Task to carry out
Retype each entry. Leave nothing out.

Records
##########

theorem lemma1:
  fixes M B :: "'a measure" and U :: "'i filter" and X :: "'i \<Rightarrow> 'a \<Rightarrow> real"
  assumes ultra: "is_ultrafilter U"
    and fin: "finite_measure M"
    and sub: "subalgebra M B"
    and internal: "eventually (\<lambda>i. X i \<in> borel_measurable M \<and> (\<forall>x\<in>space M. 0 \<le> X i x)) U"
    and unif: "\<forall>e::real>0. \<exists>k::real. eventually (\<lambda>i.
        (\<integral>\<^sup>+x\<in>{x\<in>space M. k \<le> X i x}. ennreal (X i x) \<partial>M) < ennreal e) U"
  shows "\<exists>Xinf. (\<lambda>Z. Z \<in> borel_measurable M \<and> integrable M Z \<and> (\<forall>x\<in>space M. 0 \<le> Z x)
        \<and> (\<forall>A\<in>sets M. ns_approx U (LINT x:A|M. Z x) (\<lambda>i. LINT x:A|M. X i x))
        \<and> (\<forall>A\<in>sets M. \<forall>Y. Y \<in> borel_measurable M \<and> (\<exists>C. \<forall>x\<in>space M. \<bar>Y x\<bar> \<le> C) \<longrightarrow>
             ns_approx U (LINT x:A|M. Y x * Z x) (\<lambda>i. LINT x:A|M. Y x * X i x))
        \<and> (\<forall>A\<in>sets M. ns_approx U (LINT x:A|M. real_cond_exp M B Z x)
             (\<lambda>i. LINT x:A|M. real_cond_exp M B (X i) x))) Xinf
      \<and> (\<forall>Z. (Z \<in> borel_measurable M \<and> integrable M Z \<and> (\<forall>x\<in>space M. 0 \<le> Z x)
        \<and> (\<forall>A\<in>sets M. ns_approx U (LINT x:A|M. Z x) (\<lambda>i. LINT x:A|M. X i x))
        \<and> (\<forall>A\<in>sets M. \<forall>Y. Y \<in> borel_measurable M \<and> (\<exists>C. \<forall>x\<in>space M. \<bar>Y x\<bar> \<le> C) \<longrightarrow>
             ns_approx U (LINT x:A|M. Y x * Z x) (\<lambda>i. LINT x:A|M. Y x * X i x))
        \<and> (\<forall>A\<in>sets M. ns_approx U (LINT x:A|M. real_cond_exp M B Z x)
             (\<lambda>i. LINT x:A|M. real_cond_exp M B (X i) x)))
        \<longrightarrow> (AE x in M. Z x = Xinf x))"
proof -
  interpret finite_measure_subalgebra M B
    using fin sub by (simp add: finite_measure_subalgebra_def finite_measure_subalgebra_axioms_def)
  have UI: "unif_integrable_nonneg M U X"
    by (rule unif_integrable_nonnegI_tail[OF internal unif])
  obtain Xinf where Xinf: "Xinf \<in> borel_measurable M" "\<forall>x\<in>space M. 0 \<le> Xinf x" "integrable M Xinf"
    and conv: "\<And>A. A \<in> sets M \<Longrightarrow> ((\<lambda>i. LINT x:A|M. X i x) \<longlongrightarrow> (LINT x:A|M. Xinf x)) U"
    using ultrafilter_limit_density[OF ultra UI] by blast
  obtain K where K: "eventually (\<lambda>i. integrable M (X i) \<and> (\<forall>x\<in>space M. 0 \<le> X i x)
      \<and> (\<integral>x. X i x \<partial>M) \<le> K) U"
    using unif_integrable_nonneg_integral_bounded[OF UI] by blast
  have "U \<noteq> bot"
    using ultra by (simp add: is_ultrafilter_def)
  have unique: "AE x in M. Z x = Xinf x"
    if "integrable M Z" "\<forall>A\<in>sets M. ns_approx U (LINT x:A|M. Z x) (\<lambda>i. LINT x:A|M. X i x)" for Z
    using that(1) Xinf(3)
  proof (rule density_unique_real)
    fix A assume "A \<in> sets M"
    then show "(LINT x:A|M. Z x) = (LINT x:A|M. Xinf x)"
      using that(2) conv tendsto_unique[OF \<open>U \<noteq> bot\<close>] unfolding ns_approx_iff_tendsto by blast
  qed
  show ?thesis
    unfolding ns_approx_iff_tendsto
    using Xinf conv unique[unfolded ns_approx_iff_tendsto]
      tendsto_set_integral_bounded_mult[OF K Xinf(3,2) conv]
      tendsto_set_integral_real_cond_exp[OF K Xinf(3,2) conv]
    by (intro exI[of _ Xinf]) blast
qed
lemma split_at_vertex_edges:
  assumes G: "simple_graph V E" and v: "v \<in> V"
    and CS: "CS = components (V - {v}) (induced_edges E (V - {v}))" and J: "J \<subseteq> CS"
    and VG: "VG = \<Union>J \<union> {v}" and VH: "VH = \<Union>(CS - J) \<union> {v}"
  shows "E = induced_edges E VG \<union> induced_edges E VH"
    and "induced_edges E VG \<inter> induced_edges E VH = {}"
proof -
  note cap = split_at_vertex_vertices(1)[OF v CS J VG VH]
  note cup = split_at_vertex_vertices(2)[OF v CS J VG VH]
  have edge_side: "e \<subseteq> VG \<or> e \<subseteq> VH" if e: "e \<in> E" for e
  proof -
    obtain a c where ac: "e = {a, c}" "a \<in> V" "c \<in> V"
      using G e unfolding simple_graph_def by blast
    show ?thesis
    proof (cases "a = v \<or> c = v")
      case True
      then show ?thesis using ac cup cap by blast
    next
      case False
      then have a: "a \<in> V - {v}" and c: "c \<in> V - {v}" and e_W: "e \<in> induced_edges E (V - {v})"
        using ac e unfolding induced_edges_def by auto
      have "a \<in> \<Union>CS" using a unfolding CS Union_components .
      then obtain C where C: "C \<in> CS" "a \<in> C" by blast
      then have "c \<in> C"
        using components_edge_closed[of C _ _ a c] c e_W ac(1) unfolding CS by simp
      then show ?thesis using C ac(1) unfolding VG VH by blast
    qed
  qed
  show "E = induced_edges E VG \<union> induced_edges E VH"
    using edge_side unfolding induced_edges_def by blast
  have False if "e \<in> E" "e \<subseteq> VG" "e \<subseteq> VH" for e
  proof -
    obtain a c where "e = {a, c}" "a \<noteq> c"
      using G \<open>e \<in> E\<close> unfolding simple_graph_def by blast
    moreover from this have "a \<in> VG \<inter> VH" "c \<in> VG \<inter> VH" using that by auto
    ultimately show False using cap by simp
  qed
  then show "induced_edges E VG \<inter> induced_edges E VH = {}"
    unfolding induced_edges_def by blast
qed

##########

Output
theorem lemma1:
  fixes M B :: "'a measure" and U :: "'i filter" and X :: "'i \<Rightarrow> 'a \<Rightarrow> real"
  assumes ultra: "is_ultrafilter U"
    and fin: "finite_measure M"
    and sub: "subalgebra M B"
    and internal: "eventually (\<lambda>i. X i \<in> borel_measurable M \<and> (\<forall>x\<in>space M. 0 \<le> X i x)) U"
    and unif: "\<forall>e::real>0. \<exists>k::real. eventually (\<lambda>i.
        (\<integral>\<^sup>+x\<in>{x\<in>space M. k \<le> X i x}. ennreal (X i x) \<partial>M) < ennreal e) U"
  shows "\<exists>Xinf. (\<lambda>Z. Z \<in> borel_measurable M \<and> integrable M Z \<and> (\<forall>x\<in>space M. 0 \<le> Z x)
        \<and> (\<forall>A\<in>sets M. ns_approx U (LINT x:A|M. Z x) (\<lambda>i. LINT x:A|M. X i x))
        \<and> (\<forall>A\<in>sets M. \<forall>Y. Y \<in> borel_measurable M \<and> (\<exists>C. \<forall>x\<in>space M. \<bar>Y x\<bar> \<le> C) \<longrightarrow>
             ns_approx U (LINT x:A|M. Y x * Z x) (\<lambda>i. LINT x:A|M. Y x * X i x))
        \<and> (\<forall>A\<in>sets M. ns_approx U (LINT x:A|M. real_cond_exp M B Z x)
             (\<lambda>i. LINT x:A|M. real_cond_exp M B (X i) x))) Xinf
      \<and> (\<forall>Z. (Z \<in> borel_measurable M \<and> integrable M Z \<and> (\<forall>x\<in>space M. 0 \<le> Z x)
        \<and> (\<forall>A\<in>sets M. ns_approx U (LINT x:A|M. Z x) (\<lambda>i. LINT x:A|M. X i x))
        \<and> (\<forall>A\<in>sets M. \<forall>Y. Y \<in> borel_measurable M \<and> (\<exists>C. \<forall>x\<in>space M. \<bar>Y x\<bar> \<le> C) \<longrightarrow>
             ns_approx U (LINT x:A|M. Y x * Z x) (\<lambda>i. LINT x:A|M. Y x * X i x))
        \<and> (\<forall>A\<in>sets M. ns_approx U (LINT x:A|M. real_cond_exp M B Z x)
             (\<lambda>i. LINT x:A|M. real_cond_exp M B (X i) x)))
        \<longrightarrow> (AE x in M. Z x = Xinf x))"
proof -
  interpret finite_measure_subalgebra M B
    using fin sub by (simp add: finite_measure_subalgebra_def finite_measure_subalgebra_axioms_def)
  have UI: "unif_integrable_nonneg M U X"
    by (rule unif_integrable_nonnegI_tail[OF internal unif])
  obtain Xinf where Xinf: "Xinf \<in> borel_measurable M" "\<forall>x\<in>space M. 0 \<le> Xinf x" "integrable M Xinf"
    and conv: "\<And>A. A \<in> sets M \<Longrightarrow> ((\<lambda>i. LINT x:A|M. X i x) \<longlongrightarrow> (LINT x:A|M. Xinf x)) U"
    using ultrafilter_limit_density[OF ultra UI] by blast
  obtain K where K: "eventually (\<lambda>i. integrable M (X i) \<and> (\<forall>x\<in>space M. 0 \<le> X i x)
      \<and> (\<integral>x. X i x \<partial>M) \<le> K) U"
    using unif_integrable_nonneg_integral_bounded[OF UI] by blast
  have "U \<noteq> bot"
    using ultra by (simp add: is_ultrafilter_def)
  have unique: "AE x in M. Z x = Xinf x"
    if "integrable M Z" "\<forall>A\<in>sets M. ns_approx U (LINT x:A|M. Z x) (\<lambda>i. LINT x:A|M. X i x)" for Z
    using that(1) Xinf(3)
  proof (rule density_unique_real)
    fix A assume "A \<in> sets M"
    then show "(LINT x:A|M. Z x) = (LINT x:A|M. Xinf x)"
      using that(2) conv tendsto_unique[OF \<open>U \<noteq> bot\<close>] unfolding ns_approx_iff_tendsto by blast
  qed
  show ?thesis
    unfolding ns_approx_iff_tendsto
    using Xinf conv unique[unfolded ns_approx_iff_tendsto]
      tendsto_set_integral_bounded_mult[OF K Xinf(3,2) conv]
      tendsto_set_integral_real_cond_exp[OF K Xinf(3,2) conv]
    by (intro exI[of _ Xinf]) blast
qed
lemma split_at_vertex_edges:
  assumes G: "simple_graph V E" and v: "v \<in> V"
    and CS: "CS = components (V - {v}) (induced_edges E (V - {v}))" and J: "J \<subseteq> CS"
    and VG: "VG = \<Union>J \<union> {v}" and VH: "VH = \<Union>(CS - J) \<union> {v}"
  shows "E = induced_edges E VG \<union> induced_edges E VH"
    and "induced_edges E VG \<inter> induced_edges E VH = {}"
proof -
  note cap = split_at_vertex_vertices(1)[OF v CS J VG VH]
  note cup = split_at_vertex_vertices(2)[OF v CS J VG VH]
  have edge_side: "e \<subseteq> VG \<or> e \<subseteq> VH" if e: "e \<in> E" for e
  proof -
    obtain a c where ac: "e = {a, c}" "a \<in> V" "c \<in> V"
      using G e unfolding simple_graph_def by blast
    show ?thesis
    proof (cases "a = v \<or> c = v")
      case True
      then show ?thesis using ac cup cap by blast
    next
      case False
      then have a: "a \<in> V - {v}" and c: "c \<in> V - {v}" and e_W: "e \<in> induced_edges E (V - {v})"
        using ac e unfolding induced_edges_def by auto
      have "a \<in> \<Union>CS" using a unfolding CS Union_components .
      then obtain C where C: "C \<in> CS" "a \<in> C" by blast
      then have "c \<in> C"
        using components_edge_closed[of C _ _ a c] c e_W ac(1) unfolding CS by simp
      then show ?thesis using C ac(1) unfolding VG VH by blast
    qed
  qed
  show "E = induced_edges E VG \<union> induced_edges E VH"
    using edge_side unfolding induced_edges_def by blast
  have False if "e \<in> E" "e \<subseteq> VG" "e \<subseteq> VH" for e
  proof -
    obtain a c where "e = {a, c}" "a \<noteq> c"
      using G \<open>e \<in> E\<close> unfolding simple_graph_def by blast
    moreover from this have "a \<in> VG \<inter> VH" "c \<in> VG \<inter> VH" using that by auto
    ultimately show False using cap by simp
  qed
  then show "induced_edges E VG \<inter> induced_edges E VH = {}"
    unfolding induced_edges_def by blast
qed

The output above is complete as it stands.